[Records excerpted from a collection]
********************
(* M is the segment of constant functions with values in [0,1] inside Y = C_b(R); being
   bounded, it carries no normed-space structure.

   The map phi t = F t *R bump + wave t combines a bump at 0, scaled by the length F t of the
   part of [0,t] outside an open set U of measure at most 1/2 which contains an interval of
   length gamma(delta) in every subinterval of [0,1] of length delta, with an oscillating part
   wave t, which is (1/4)-Lipschitz in t.  Thus phi is Lipschitz, ||phi 1 - phi 0|| >= 1/2, but
   phi is only (1/4)-Lipschitz on the intervals of U.

   If ||phi - g||_Lip < 1/100, then ||g||_Lip > 0.26 while g is 0.26-Lipschitz on the
   intervals of U, so the difference quotients of g over pairs at distance >= delta stay
   uniformly below ||g||_Lip and any norming sequence of pairs must shrink.  But the difference
   quotients of wave at two scales differing by a factor 8 are 1/20 apart (evaluate at
   x = +-pi / |s - t|), so the difference quotients of g along such a sequence cannot
   converge. *)

lemma bdd_above_lipschitz_quotients:
  assumes lip: "\<forall>p\<in>mspace M. \<forall>q\<in>mspace M. norm (f p - f q) \<le> K * mdist M p q"
  shows "bdd_above ({0} \<union> {norm (f p - f q) / mdist M p q |p q.
    p \<in> mspace M \<and> q \<in> mspace M \<and> p \<noteq> q})"
proof (rule bdd_aboveI[of _ "max 0 K"])
  fix r
  assume "r \<in> {0} \<union> {norm (f p - f q) / mdist M p q |p q. p \<in> mspace M \<and> q \<in> mspace M \<and> p \<noteq> q}"
  then consider "r = 0" | p q where "r = norm (f p - f q) / mdist M p q"
    "p \<in> mspace M" "q \<in> mspace M" "p \<noteq> q"
    by blast
  then show "r \<le> max 0 K"
  proof cases
    case 2
    then have "0 < mdist M p q"
      by (auto simp: less_le)
    moreover have "norm (f p - f q) \<le> max 0 K * mdist M p q"
      using lip 2 by (meson max.cobounded2 mdist_nonneg mult_right_mono order_trans)
    ultimately show ?thesis
      using 2 by (simp add: divide_le_eq)
  qed simp
qed

lemma norm_diff_le_lipnorm:
  assumes lip: "\<forall>p\<in>mspace M. \<forall>q\<in>mspace M. norm (f p - f q) \<le> K * mdist M p q"
    and "p \<in> mspace M" "q \<in> mspace M"
  shows "norm (f p - f q) \<le> lipnorm M f * mdist M p q"
proof (cases "p = q")
  case False
  have "norm (f p - f q) / mdist M p q \<le> lipnorm M f"
    unfolding lipnorm_def
    by (rule cSup_upper[OF _ bdd_above_lipschitz_quotients[OF lip]]) (use assms(2,3) False in blast)
  moreover have "0 < mdist M p q"
    using assms(2,3) False by (auto simp: less_le)
  ultimately show ?thesis
    by (simp add: divide_le_eq)
next
  case True
  with assms(3) have "mdist M p q = 0"
    by simp
  with True show ?thesis
    by simp
qed

lemma lipschitz_bound_diff:
  assumes "\<forall>p\<in>mspace M. \<forall>q\<in>mspace M. norm (f p - f q) \<le> K * mdist M p q"
    and "\<forall>p\<in>mspace M. \<forall>q\<in>mspace M. norm (g p - g q) \<le> K' * mdist M p q"
  shows "\<forall>p\<in>mspace M. \<forall>q\<in>mspace M. norm ((f p - g p) - (f q - g q)) \<le> (K + K') * mdist M p q"
proof (intro ballI)
  fix p q
  assume "p \<in> mspace M" "q \<in> mspace M"
  have "norm ((f p - g p) - (f q - g q)) \<le> norm (f p - f q) + norm (g p - g q)"
    using norm_triangle_ineq4[of "f p - f q" "g p - g q"] by (simp add: algebra_simps)
  also have "\<dots> \<le> K * mdist M p q + K' * mdist M p q"
    using assms \<open>p \<in> mspace M\<close> \<open>q \<in> mspace M\<close> by (intro add_mono) auto
  finally show "norm ((f p - g p) - (f q - g q)) \<le> (K + K') * mdist M p q"
    by (simp add: distrib_right)
qed

lemma bounded_not_normed_space_metric:
  assumes bounded: "\<And>x y. x \<in> mspace M \<Longrightarrow> y \<in> mspace M \<Longrightarrow> mdist M x y \<le> B"
    and x: "x \<in> mspace M" and y: "y \<in> mspace M" and "x \<noteq> y"
  shows "\<not> is_normed_space_metric M"
proof
  assume "is_normed_space_metric M"
  then obtain sc :: "real \<Rightarrow> 'a \<Rightarrow> 'a" where
    sc: "\<forall>a. \<forall>x\<in>mspace M. sc a x \<in> mspace M" and
    hom: "\<forall>a. \<forall>x\<in>mspace M. \<forall>y\<in>mspace M. mdist M (sc a x) (sc a y) = \<bar>a\<bar> * mdist M x y"
    unfolding is_normed_space_metric_def Let_def by (elim exE conjE) (rule that)
  have "mdist M x y \<noteq> 0"
    using x y \<open>x \<noteq> y\<close> by simp
  then have "mdist M (sc ((\<bar>B\<bar> + 1) / mdist M x y) x) (sc ((\<bar>B\<bar> + 1) / mdist M x y) y) = \<bar>B\<bar> + 1"
    using hom x y by simp
  moreover have "mdist M (sc ((\<bar>B\<bar> + 1) / mdist M x y) x) (sc ((\<bar>B\<bar> + 1) / mdist M x y) y) \<le> B"
    using bounded sc x y by blast
  ultimately show False
    by linarith
qed

lemma mcomplete_of_compact_submetric:
  fixes S :: "'a::metric_space set"
  assumes "compact S"
  shows "mcomplete_of (submetric euclidean_metric S)"
proof -
  interpret Submetric UNIV dist S
    by unfold_locales auto
  have "sub.mcomplete"
    using assms by (intro compactin_imp_mcomplete) simp
  then show ?thesis
    by (simp add: mcomplete_of_def submetric_def)
qed

definition uncovered_length :: "real set \<Rightarrow> real \<Rightarrow> real" where
  "uncovered_length U t = measure lborel ({0..t} - U)"

lemma emeasure_lborel_subset_Icc_finite:
  fixes A :: "real set"
  assumes "A \<subseteq> {a..b}"
  shows "emeasure lborel A \<noteq> \<infinity>"
  using emeasure_bounded_finite[OF bounded_subset[OF bounded_closed_interval assms]] by simp

lemma uncovered_length_diff:
  assumes "U \<in> sets borel" "0 \<le> s" "s \<le> t"
  shows "uncovered_length U t - uncovered_length U s = measure lborel ({s<..t} - U)"
proof -
  have "{0..t} - U = ({0..s} - U) \<union> ({s<..t} - U)"
    using assms by auto
  moreover have "measure lborel (({0..s} - U) \<union> ({s<..t} - U))
      = measure lborel ({0..s} - U) + measure lborel ({s<..t} - U)"
    using assms by (intro measure_Union emeasure_lborel_subset_Icc_finite[of _ 0 t]) auto
  ultimately show ?thesis
    unfolding uncovered_length_def by simp
qed

lemma uncovered_length_lipschitz:
  assumes "U \<in> sets borel" "0 \<le> s" "0 \<le> t"
  shows "\<bar>uncovered_length U s - uncovered_length U t\<bar> \<le> \<bar>s - t\<bar>"
proof -
  have "0 \<le> uncovered_length U b - uncovered_length U a \<and> uncovered_length U b - uncovered_length U a \<le> b - a"
    if "0 \<le> a" "a \<le> b" for a b
  proof -
    have "measure lborel ({a<..b} - U) \<le> measure lborel {a<..b}"
      using assms(1) that by (intro measure_mono_fmeasurable) (auto simp: fmeasurable_def)
    then show ?thesis
      using uncovered_length_diff[OF assms(1) that] that by simp
  qed
  from this[of s t] this[of t s] assms(2,3) show ?thesis
    by (cases "s \<le> t") auto
qed

lemma uncovered_length_const:
  assumes "U \<in> sets borel" "0 \<le> s" "s \<le> t" "{s<..t} \<subseteq> U"
  shows "uncovered_length U t = uncovered_length U s"
proof -
  have "{s<..t} - U = {}"
    using assms(4) by blast
  with uncovered_length_diff[OF assms(1-3)] show ?thesis
    by (metis diff_eq_eq measure_empty add_0)
qed

lemma uncovered_length_0:
  assumes "U \<in> sets borel"
  shows "uncovered_length U 0 = 0"
proof -
  have "measure lborel ({0::real} - U) \<le> measure lborel {0::real}"
    using assms by (intro measure_mono_fmeasurable) (auto simp: fmeasurable_def)
  then show ?thesis
    by (simp add: uncovered_length_def antisym)
qed

lemma uncovered_length_ge:
  assumes "U \<in> sets borel" "emeasure lborel U \<le> ennreal c" "0 \<le> c" "0 \<le> t"
  shows "t - c \<le> uncovered_length U t"
proof -
  have "ennreal t = emeasure lborel {0..t}"
    using assms(4) by simp
  also have "\<dots> \<le> emeasure lborel (({0..t} - U) \<union> U)"
    using assms(1) by (intro emeasure_mono) auto
  also have "\<dots> \<le> emeasure lborel ({0..t} - U) + emeasure lborel U"
    using assms(1) by (intro emeasure_subadditive) auto
  also have "emeasure lborel ({0..t} - U) = ennreal (uncovered_length U t)"
    unfolding uncovered_length_def using assms(1)
    by (intro emeasure_eq_ennreal_measure) (use emeasure_lborel_subset_Icc_finite[of _ 0 t] in auto)
  also have "ennreal (uncovered_length U t) + emeasure lborel U \<le> ennreal (uncovered_length U t + c)"
    using assms(2,3) by (simp add: ennreal_plus uncovered_length_def add_left_mono)
  finally have "t \<le> uncovered_length U t + c"
    using ennreal_le_iff[of "uncovered_length U t + c" t] assms(3)
    by (simp add: uncovered_length_def del: ennreal_le_iff ennreal_plus)
  then show ?thesis
    by simp
qed

definition dyadic_interval :: "nat \<Rightarrow> nat \<Rightarrow> real set" where
  "dyadic_interval j k = {real k / 2^j - 1 / (16 * 4^j) <..< real k / 2^j + 1 / (16 * 4^j)}"

definition dyadic_nbhd :: "real set" where
  "dyadic_nbhd = (\<Union>j. \<Union>k\<le>(2::nat)^j. dyadic_interval j k)"

lemma dyadic_nbhd_borel: "dyadic_nbhd \<in> sets borel"
  unfolding dyadic_nbhd_def dyadic_interval_def
  by (intro borel_open open_UN ballI open_greaterThanLessThan)

lemma emeasure_dyadic_nbhd: "emeasure lborel dyadic_nbhd \<le> ennreal (1/2)"
proof -
  have level: "emeasure lborel (\<Union>k\<le>(2::nat)^j. dyadic_interval j k) \<le> ennreal ((1/2)^j / 4)"
    for j :: nat
  proof -
    have "emeasure lborel (\<Union>k\<le>(2::nat)^j. dyadic_interval j k)
        \<le> (\<Sum>k\<le>(2::nat)^j. ennreal (2 / (16 * 4^j)))"
      unfolding dyadic_interval_def by (rule order_trans[OF emeasure_subadditive_finite]) auto
    also have "\<dots> = ennreal (\<Sum>k\<le>(2::nat)^j. 2 / (16 * 4^j))"
      by (rule sum_ennreal) simp
    also have "\<dots> \<le> ennreal ((1/2)^j / 4)"
    proof (rule ennreal_leI)
      have "(4::real)^j = 2^j * 2^j"
        by (simp flip: power_mult_distrib)
      moreover have "(1::real) \<le> 2^j"
        by simp
      ultimately show "(\<Sum>k\<le>(2::nat)^j. 2 / (16 * 4^j)) \<le> (1/2::real)^j / 4"
        by (simp add: field_simps)
    qed
    finally show ?thesis .
  qed
  have "(\<lambda>j. (1/2::real)^j / 4) sums (1/2)"
    using geometric_sums[of "1/2::real"] sums_divide[of _ _ 4] by fastforce
  then have "(\<Sum>j. ennreal ((1/2::real)^j / 4)) = ennreal (1/2)"
    by (intro suminf_ennreal_eq) auto
  moreover have "emeasure lborel dyadic_nbhd \<le> (\<Sum>j. ennreal ((1/2::real)^j / 4))"
    unfolding dyadic_nbhd_def
    by (rule order_trans[OF emeasure_subadditive_countably suminf_le[OF level]])
      (auto simp: dyadic_interval_def)
  ultimately show ?thesis
    by simp
qed

lemma dyadic_above:
  assumes "0 \<le> s"
  obtains k :: nat where "s < real k / 2^j" "real k / 2^j \<le> s + 1 / 2^j"
proof -
  have "real (nat \<lfloor>s * 2^j\<rfloor> + 1) = of_int \<lfloor>s * 2^j\<rfloor> + 1"
    using assms by simp
  then have "s * 2^j < real (nat \<lfloor>s * 2^j\<rfloor> + 1)" "real (nat \<lfloor>s * 2^j\<rfloor> + 1) \<le> s * 2^j + 1"
    by linarith+
  then show ?thesis
    by (intro that[of "nat \<lfloor>s * 2^j\<rfloor> + 1"]) (simp_all add: field_simps)
qed

definition uniformly_interval_dense :: "real set \<Rightarrow> bool" where
  "uniformly_interval_dense U \<longleftrightarrow> (\<forall>\<delta>>0. \<exists>\<gamma>>0. \<forall>s t. 0 \<le> s \<longrightarrow> t \<le> 1 \<longrightarrow> s + \<delta> \<le> t \<longrightarrow>
     (\<exists>a. s \<le> a \<and> a + \<gamma> \<le> t \<and> {a<..a + \<gamma>} \<subseteq> U))"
********************
Using the data above, tally each line that has the string "which" and report only the sum.

2